Data supplied
lemma card_joining_lines_same_class:
  fixes P Q :: "('a \<times> 'a \<times> 'a) set"
  assumes P: "P \<in> PHG_points" and Q: "Q \<in> PHG_points"
    and same: "neighbour_class P = neighbour_class Q" and "P \<noteq> Q"
  shows "card N \<le> card (joining_lines P Q)"
proof -
  obtain a b c where v: "normal_rep P = (a, b, c)" by (cases "normal_rep P")
  obtain a' b' c' where w: "normal_rep Q = (a', b', c')" by (cases "normal_rep Q")
  have "(coset a', coset b', coset c') = (coset a, coset b, coset c)"
    using same unfolding neighbour_class_def v w by simp
  then have near: "near (a, b, c) (a', b', c')" by (simp add: near_def coset_eq_iff)
  have "unimodular (a, b, c)"
    using normal_rep(2)[OF P] one_notin_N unfolding v normal_def unimodular_def by auto
  moreover note near
  moreover have PQ: "P = point (a, b, c)" "Q = point (a', b', c')"
    using normal_rep(1) P Q v w by metis+
  then have "point (a, b, c) \<noteq> point (a', b', c')" using \<open>P \<noteq> Q\<close> by simp
  ultimately show ?thesis unfolding PQ by (rule card_joining_lines_near)
qed

end

section \<open>Counting\<close>

lemma card_sq_le_card_mult_sum_fibres:
  fixes f :: "'b \<Rightarrow> 'c"
  assumes S: "finite S" and T: "finite T" and ST: "f ` S \<subseteq> T"
  shows "real (card S) ^ 2 \<le> real (card T) * (\<Sum>x\<in>S. real (card {y \<in> S. f y = f x}))"
proof -
  define fibre where "fibre t = real (card {y \<in> S. f y = t})" for t
  have "real (card S) = (\<Sum>x\<in>S. 1)" by simp
  also have "\<dots> = (\<Sum>t\<in>T. \<Sum>x\<in>{x \<in> S. f x = t}. 1)"
    by (rule sum.group[OF S T ST, symmetric])
  also have "\<dots> = (\<Sum>t\<in>T. fibre t * 1)" by (simp add: fibre_def)
  finally have "real (card S) ^ 2 \<le> (\<Sum>t\<in>T. fibre t ^ 2) * (\<Sum>t\<in>T. 1 ^ 2)"
    using Cauchy_Schwarz_ineq_sum[of fibre "\<lambda>_. 1" T] by simp
  also have "(\<Sum>t\<in>T. fibre t ^ 2) = (\<Sum>t\<in>T. \<Sum>x\<in>{x \<in> S. f x = t}. fibre (f x))"
    by (simp add: fibre_def power2_eq_square)
  also have "\<dots> = (\<Sum>x\<in>S. fibre (f x))" by (rule sum.group[OF S T ST])
  finally show ?thesis by (simp add: fibre_def mult.commute)
qed
(* Let $\mathrm{CNN}_\theta = \mathcal{L}_{l}\circ\cdots\circ\mathcal{L}_{p+1}\circ\mathcal{F}\circ\mathcal{G}_p\circ\cdots\circ\mathcal{G}_1$ be a 1D convolutional neural network as described in the context, and let $\gamma>0$. Suppose that for every layer $i=1,\dots,l$ there exist matrices $Q_i\in\mathbb{S}^{n_i}$, $S_i\in\mathbb{R}^{n_i\times n_{i-1}}$, $R_i\in\mathbb{S}^{n_{i-1}}$ such that for all pairs of layer inputs $w_a^{i-1},w_b^{i-1}$ (with corresponding layer outputs $w_a^i,w_b^i$) $$\begin{bmatrix}\underline{w}_a^i-\underline{w}_b^i\\ \underline{w}_a^{i-1}-\underline{w}_b^{i-1}\end{bmatrix}^\top\begin{bmatrix}Q_i & S_i\\ S_i^\top & R_i\end{bmatrix}\begin{bmatrix}\underline{w}_a^i-\underline{w}_b^i\\ \underline{w}_a^{i-1}-\underline{w}_b^{i-1}\end{bmatrix}\ge 0 ,$$ and suppose in addition that the block-tridiagonal matrix $$H=\begin{bmatrix}\gamma^2 I-R_1 & -S_1^\top & 0&\cdots&0\\ -S_1 & -Q_1-R_2 & -S_2^\top & \ddots&\vdots\\ 0& -S_2 & -Q_2-R_3 & \ddots & 0\\ \vdots&\ddots&\ddots&\ddots& -S_l^\top\\ 0&\cdots&0& -S_l & -Q_l-I\end{bmatrix}$$ is positive semidefinite. Then $\|\mathrm{CNN}_\theta(w_a^0)-\mathrm{CNN}_\theta(w_b^0)\|_2\le\gamma\|w_a^0-w_b^0\|_2$ for all inputs $w_a^0,w_b^0$.
   Context: $\mathbb{S}^n$ denotes the real symmetric $n\times n$ matrices. The network consists of $l$ layers. Layers $\mathcal{G}_i$, $i=1,\dots,p$, map $\mathbb{R}^{c_{i-1}\times N_{i-1}}\to\mathbb{R}^{c_i\times N_i}$ and are each either a convolutional layer or a pooling layer; for a signal $w^i\in\mathbb{R}^{c_i\times N_i}$, $w^i_k\in\mathbb{R}^{c_i}$ denotes its $k$-th column (time step). A convolutional layer is $w_k^i=\phi_i\big(b_i+\sum_{j=0}^{\ell_i-1}K^i_j w^{i-1}_{k-j}\big)$ with kernels $K^i_j\in\mathbb{R}^{c_i\times c_{i-1}}$, bias $b_i\in\mathbb{R}^{c_i}$, zero padding ($w^{i-1}_m=0$ for indices before the start of the signal) and an element-wise activation $\phi_i$; a pooling layer is channel-wise average or maximum pooling over non-overlapping windows of length $\ell_i$ (kernel size = stride = $\ell_i$, $N_i=N_{i-1}/\ell_i$, $c_i=c_{i-1}$). $\mathcal{F}:\mathbb{R}^{c_p\times N_p}\to\mathbb{R}^{n_p}$, $n_p=c_pN_p$, is flattening (column-wise stacking). Layers $\mathcal{L}_i$, $i=p+1,\dots,l$, are fully connected: $w^i=\phi_i(W_iw^{i-1}+b_i)$ for $i<l$ and $w^l=W_lw^{l-1}+b_l$, with $W_i\in\mathbb{R}^{n_i\times n_{i-1}}$, $b_i\in\mathbb{R}^{n_i}$. For $i\le p$, $n_i:=c_iN_i$. For a signal $w^i$, $\underline{w}^i\in\mathbb{R}^{n_i}$ denotes its column-wise stacked vector if $w^i\in\mathbb{R}^{c_i\times N_i}$ and $\underline{w}^i=w^i$ if $w^i\in\mathbb{R}^{n_i}$. The input is $w^0\in\mathbb{R}^{c_0\times N_0}$ and the norm $\|\cdot\|_2$ on matrices is the Euclidean norm of the stacked vector. *)

theory Defs
  imports "Jordan_Normal_Form.Matrix"
begin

Work instructions
Every entry needs to be copied exactly as it was written.

Expected answer
lemma card_joining_lines_same_class:
  fixes P Q :: "('a \<times> 'a \<times> 'a) set"
  assumes P: "P \<in> PHG_points" and Q: "Q \<in> PHG_points"
    and same: "neighbour_class P = neighbour_class Q" and "P \<noteq> Q"
  shows "card N \<le> card (joining_lines P Q)"
proof -
  obtain a b c where v: "normal_rep P = (a, b, c)" by (cases "normal_rep P")
  obtain a' b' c' where w: "normal_rep Q = (a', b', c')" by (cases "normal_rep Q")
  have "(coset a', coset b', coset c') = (coset a, coset b, coset c)"
    using same unfolding neighbour_class_def v w by simp
  then have near: "near (a, b, c) (a', b', c')" by (simp add: near_def coset_eq_iff)
  have "unimodular (a, b, c)"
    using normal_rep(2)[OF P] one_notin_N unfolding v normal_def unimodular_def by auto
  moreover note near
  moreover have PQ: "P = point (a, b, c)" "Q = point (a', b', c')"
    using normal_rep(1) P Q v w by metis+
  then have "point (a, b, c) \<noteq> point (a', b', c')" using \<open>P \<noteq> Q\<close> by simp
  ultimately show ?thesis unfolding PQ by (rule card_joining_lines_near)
qed

end

section \<open>Counting\<close>

lemma card_sq_le_card_mult_sum_fibres:
  fixes f :: "'b \<Rightarrow> 'c"
  assumes S: "finite S" and T: "finite T" and ST: "f ` S \<subseteq> T"
  shows "real (card S) ^ 2 \<le> real (card T) * (\<Sum>x\<in>S. real (card {y \<in> S. f y = f x}))"
proof -
  define fibre where "fibre t = real (card {y \<in> S. f y = t})" for t
  have "real (card S) = (\<Sum>x\<in>S. 1)" by simp
  also have "\<dots> = (\<Sum>t\<in>T. \<Sum>x\<in>{x \<in> S. f x = t}. 1)"
    by (rule sum.group[OF S T ST, symmetric])
  also have "\<dots> = (\<Sum>t\<in>T. fibre t * 1)" by (simp add: fibre_def)
  finally have "real (card S) ^ 2 \<le> (\<Sum>t\<in>T. fibre t ^ 2) * (\<Sum>t\<in>T. 1 ^ 2)"
    using Cauchy_Schwarz_ineq_sum[of fibre "\<lambda>_. 1" T] by simp
  also have "(\<Sum>t\<in>T. fibre t ^ 2) = (\<Sum>t\<in>T. \<Sum>x\<in>{x \<in> S. f x = t}. fibre (f x))"
    by (simp add: fibre_def power2_eq_square)
  also have "\<dots> = (\<Sum>x\<in>S. fibre (f x))" by (rule sum.group[OF S T ST])
  finally show ?thesis by (simp add: fibre_def mult.commute)
qed
(* Let $\mathrm{CNN}_\theta = \mathcal{L}_{l}\circ\cdots\circ\mathcal{L}_{p+1}\circ\mathcal{F}\circ\mathcal{G}_p\circ\cdots\circ\mathcal{G}_1$ be a 1D convolutional neural network as described in the context, and let $\gamma>0$. Suppose that for every layer $i=1,\dots,l$ there exist matrices $Q_i\in\mathbb{S}^{n_i}$, $S_i\in\mathbb{R}^{n_i\times n_{i-1}}$, $R_i\in\mathbb{S}^{n_{i-1}}$ such that for all pairs of layer inputs $w_a^{i-1},w_b^{i-1}$ (with corresponding layer outputs $w_a^i,w_b^i$) $$\begin{bmatrix}\underline{w}_a^i-\underline{w}_b^i\\ \underline{w}_a^{i-1}-\underline{w}_b^{i-1}\end{bmatrix}^\top\begin{bmatrix}Q_i & S_i\\ S_i^\top & R_i\end{bmatrix}\begin{bmatrix}\underline{w}_a^i-\underline{w}_b^i\\ \underline{w}_a^{i-1}-\underline{w}_b^{i-1}\end{bmatrix}\ge 0 ,$$ and suppose in addition that the block-tridiagonal matrix $$H=\begin{bmatrix}\gamma^2 I-R_1 & -S_1^\top & 0&\cdots&0\\ -S_1 & -Q_1-R_2 & -S_2^\top & \ddots&\vdots\\ 0& -S_2 & -Q_2-R_3 & \ddots & 0\\ \vdots&\ddots&\ddots&\ddots& -S_l^\top\\ 0&\cdots&0& -S_l & -Q_l-I\end{bmatrix}$$ is positive semidefinite. Then $\|\mathrm{CNN}_\theta(w_a^0)-\mathrm{CNN}_\theta(w_b^0)\|_2\le\gamma\|w_a^0-w_b^0\|_2$ for all inputs $w_a^0,w_b^0$.
   Context: $\mathbb{S}^n$ denotes the real symmetric $n\times n$ matrices. The network consists of $l$ layers. Layers $\mathcal{G}_i$, $i=1,\dots,p$, map $\mathbb{R}^{c_{i-1}\times N_{i-1}}\to\mathbb{R}^{c_i\times N_i}$ and are each either a convolutional layer or a pooling layer; for a signal $w^i\in\mathbb{R}^{c_i\times N_i}$, $w^i_k\in\mathbb{R}^{c_i}$ denotes its $k$-th column (time step). A convolutional layer is $w_k^i=\phi_i\big(b_i+\sum_{j=0}^{\ell_i-1}K^i_j w^{i-1}_{k-j}\big)$ with kernels $K^i_j\in\mathbb{R}^{c_i\times c_{i-1}}$, bias $b_i\in\mathbb{R}^{c_i}$, zero padding ($w^{i-1}_m=0$ for indices before the start of the signal) and an element-wise activation $\phi_i$; a pooling layer is channel-wise average or maximum pooling over non-overlapping windows of length $\ell_i$ (kernel size = stride = $\ell_i$, $N_i=N_{i-1}/\ell_i$, $c_i=c_{i-1}$). $\mathcal{F}:\mathbb{R}^{c_p\times N_p}\to\mathbb{R}^{n_p}$, $n_p=c_pN_p$, is flattening (column-wise stacking). Layers $\mathcal{L}_i$, $i=p+1,\dots,l$, are fully connected: $w^i=\phi_i(W_iw^{i-1}+b_i)$ for $i<l$ and $w^l=W_lw^{l-1}+b_l$, with $W_i\in\mathbb{R}^{n_i\times n_{i-1}}$, $b_i\in\mathbb{R}^{n_i}$. For $i\le p$, $n_i:=c_iN_i$. For a signal $w^i$, $\underline{w}^i\in\mathbb{R}^{n_i}$ denotes its column-wise stacked vector if $w^i\in\mathbb{R}^{c_i\times N_i}$ and $\underline{w}^i=w^i$ if $w^i\in\mathbb{R}^{n_i}$. The input is $w^0\in\mathbb{R}^{c_0\times N_0}$ and the norm $\|\cdot\|_2$ on matrices is the Euclidean norm of the stacked vector. *)

theory Defs
  imports "Jordan_Normal_Form.Matrix"
begin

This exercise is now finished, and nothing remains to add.